* [DIRECTIONS FOR THIS TASK]
Your answer must be an exact repetition of every record.

(DATA FOR THE TASK begins)

(* For positive integers $n,m,k$ with $k<m<2k$, $$N_P(n,k,m)\ \ge\ \Bigl(2k-m+\frac{1}{\binom{m-1}{2k-m}}\Bigr)n.$$
   Context: Fix a finite field $\mathbb{F}_q$; $[n]=\{1,\dots,n\}$. An $(n,N,k,m)$-PIR array code over $\mathbb{F}_q$ is an $\mathbb{F}_q$-linear map $\mathcal{C}:\mathbf x\in\mathbb{F}_q^n\mapsto(\mathbf c_1,\dots,\mathbf c_m)$ with buckets $\mathbf c_\ell\in\mathbb{F}_q^{N_\ell}$, $N_\ell\ge1$ independent of $\mathbf x$, $\sum_\ell N_\ell=N$, such that for every $i\in[n]$ there is a partition of $[m]$ into $k$ sets $R_1,\dots,R_k$ such that for each $j$, $x_i$ is an $\mathbb{F}_q$-linear combination of values $f_\ell(\mathbf c_\ell)$, $\ell\in R_j$, for some linear functionals $f_\ell:\mathbb{F}_q^{N_\ell}\to\mathbb{F}_q$ (independent of $\mathbf x$). $N_P(n,k,m)$ denotes the minimum $N$ for which an $(n,N,k,m)$-PIR array code over $\mathbb{F}_q$ exists. *)

theory Defs
  imports Complex_Main
begin

text \<open>The finite field F_q is a type 'a of class {finite, field}.
Messages x are functions nat => 'a, of which only the entries x 1, ..., x n matter.
Buckets are indexed by 1..m, bucket l has Nb l coordinates indexed by 1..Nb l.
The linear encoding map is given by its coefficient matrix G:
coordinate t of bucket l equals  sum over s in 1..n of  G l t s * x s.
A linear functional on F_q^(Nb l) is given by its coefficient vector.\<close>

definition bucket_val ::
  "nat \<Rightarrow> (nat \<Rightarrow> nat \<Rightarrow> nat \<Rightarrow> 'a::field) \<Rightarrow> (nat \<Rightarrow> 'a) \<Rightarrow> nat \<Rightarrow> nat \<Rightarrow> 'a" where
  "bucket_val n G x l t = (\<Sum>s\<in>{1..n}. G l t s * x s)"

definition is_partition_into :: "nat \<Rightarrow> nat set \<Rightarrow> (nat \<Rightarrow> nat set) \<Rightarrow> bool" where
  "is_partition_into k M R \<longleftrightarrow>
     (\<forall>j\<in>{1..k}. R j \<noteq> {}) \<and>
     (\<Union>j\<in>{1..k}. R j) = M \<and>
     (\<forall>j\<in>{1..k}. \<forall>j'\<in>{1..k}. j \<noteq> j' \<longrightarrow> R j \<inter> R j' = {})"

text \<open>(n, N, k, m)-PIR array code with bucket sizes Nb (so N = sum of Nb l, l = 1..m)
and encoding matrix G.\<close>
definition is_PIR_array_code ::
  "nat \<Rightarrow> nat \<Rightarrow> nat \<Rightarrow> (nat \<Rightarrow> nat) \<Rightarrow> (nat \<Rightarrow> nat \<Rightarrow> nat \<Rightarrow> 'a::{finite,field}) \<Rightarrow> bool" where
  "is_PIR_array_code n k m Nb G \<longleftrightarrow>
     (\<forall>l\<in>{1..m}. Nb l \<ge> 1) \<and>
     (\<forall>i\<in>{1..n}. \<exists>R. is_partition_into k {1..m} R \<and>
        (\<forall>j\<in>{1..k}. \<exists>(f :: nat \<Rightarrow> nat \<Rightarrow> 'a) (a :: nat \<Rightarrow> 'a).
           \<forall>x :: nat \<Rightarrow> 'a.
             x i = (\<Sum>l\<in>R j. a l * (\<Sum>t\<in>{1..Nb l}. f l t * bucket_val n G x l t))))"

(DATA FOR THE TASK ends)

* [RESPONSE AREA]
(* For positive integers $n,m,k$ with $k<m<2k$, $$N_P(n,k,m)\ \ge\ \Bigl(2k-m+\frac{1}{\binom{m-1}{2k-m}}\Bigr)n.$$
   Context: Fix a finite field $\mathbb{F}_q$; $[n]=\{1,\dots,n\}$. An $(n,N,k,m)$-PIR array code over $\mathbb{F}_q$ is an $\mathbb{F}_q$-linear map $\mathcal{C}:\mathbf x\in\mathbb{F}_q^n\mapsto(\mathbf c_1,\dots,\mathbf c_m)$ with buckets $\mathbf c_\ell\in\mathbb{F}_q^{N_\ell}$, $N_\ell\ge1$ independent of $\mathbf x$, $\sum_\ell N_\ell=N$, such that for every $i\in[n]$ there is a partition of $[m]$ into $k$ sets $R_1,\dots,R_k$ such that for each $j$, $x_i$ is an $\mathbb{F}_q$-linear combination of values $f_\ell(\mathbf c_\ell)$, $\ell\in R_j$, for some linear functionals $f_\ell:\mathbb{F}_q^{N_\ell}\to\mathbb{F}_q$ (independent of $\mathbf x$). $N_P(n,k,m)$ denotes the minimum $N$ for which an $(n,N,k,m)$-PIR array code over $\mathbb{F}_q$ exists. *)

theory Defs
  imports Complex_Main
begin

text \<open>The finite field F_q is a type 'a of class {finite, field}.
Messages x are functions nat => 'a, of which only the entries x 1, ..., x n matter.
Buckets are indexed by 1..m, bucket l has Nb l coordinates indexed by 1..Nb l.
The linear encoding map is given by its coefficient matrix G:
coordinate t of bucket l equals  sum over s in 1..n of  G l t s * x s.
A linear functional on F_q^(Nb l) is given by its coefficient vector.\<close>

definition bucket_val ::
  "nat \<Rightarrow> (nat \<Rightarrow> nat \<Rightarrow> nat \<Rightarrow> 'a::field) \<Rightarrow> (nat \<Rightarrow> 'a) \<Rightarrow> nat \<Rightarrow> nat \<Rightarrow> 'a" where
  "bucket_val n G x l t = (\<Sum>s\<in>{1..n}. G l t s * x s)"

definition is_partition_into :: "nat \<Rightarrow> nat set \<Rightarrow> (nat \<Rightarrow> nat set) \<Rightarrow> bool" where
  "is_partition_into k M R \<longleftrightarrow>
     (\<forall>j\<in>{1..k}. R j \<noteq> {}) \<and>
     (\<Union>j\<in>{1..k}. R j) = M \<and>
     (\<forall>j\<in>{1..k}. \<forall>j'\<in>{1..k}. j \<noteq> j' \<longrightarrow> R j \<inter> R j' = {})"

text \<open>(n, N, k, m)-PIR array code with bucket sizes Nb (so N = sum of Nb l, l = 1..m)
and encoding matrix G.\<close>
definition is_PIR_array_code ::
  "nat \<Rightarrow> nat \<Rightarrow> nat \<Rightarrow> (nat \<Rightarrow> nat) \<Rightarrow> (nat \<Rightarrow> nat \<Rightarrow> nat \<Rightarrow> 'a::{finite,field}) \<Rightarrow> bool" where
  "is_PIR_array_code n k m Nb G \<longleftrightarrow>
     (\<forall>l\<in>{1..m}. Nb l \<ge> 1) \<and>
     (\<forall>i\<in>{1..n}. \<exists>R. is_partition_into k {1..m} R \<and>
        (\<forall>j\<in>{1..k}. \<exists>(f :: nat \<Rightarrow> nat \<Rightarrow> 'a) (a :: nat \<Rightarrow> 'a).
           \<forall>x :: nat \<Rightarrow> 'a.
             x i = (\<Sum>l\<in>R j. a l * (\<Sum>t\<in>{1..Nb l}. f l t * bucket_val n G x l t))))"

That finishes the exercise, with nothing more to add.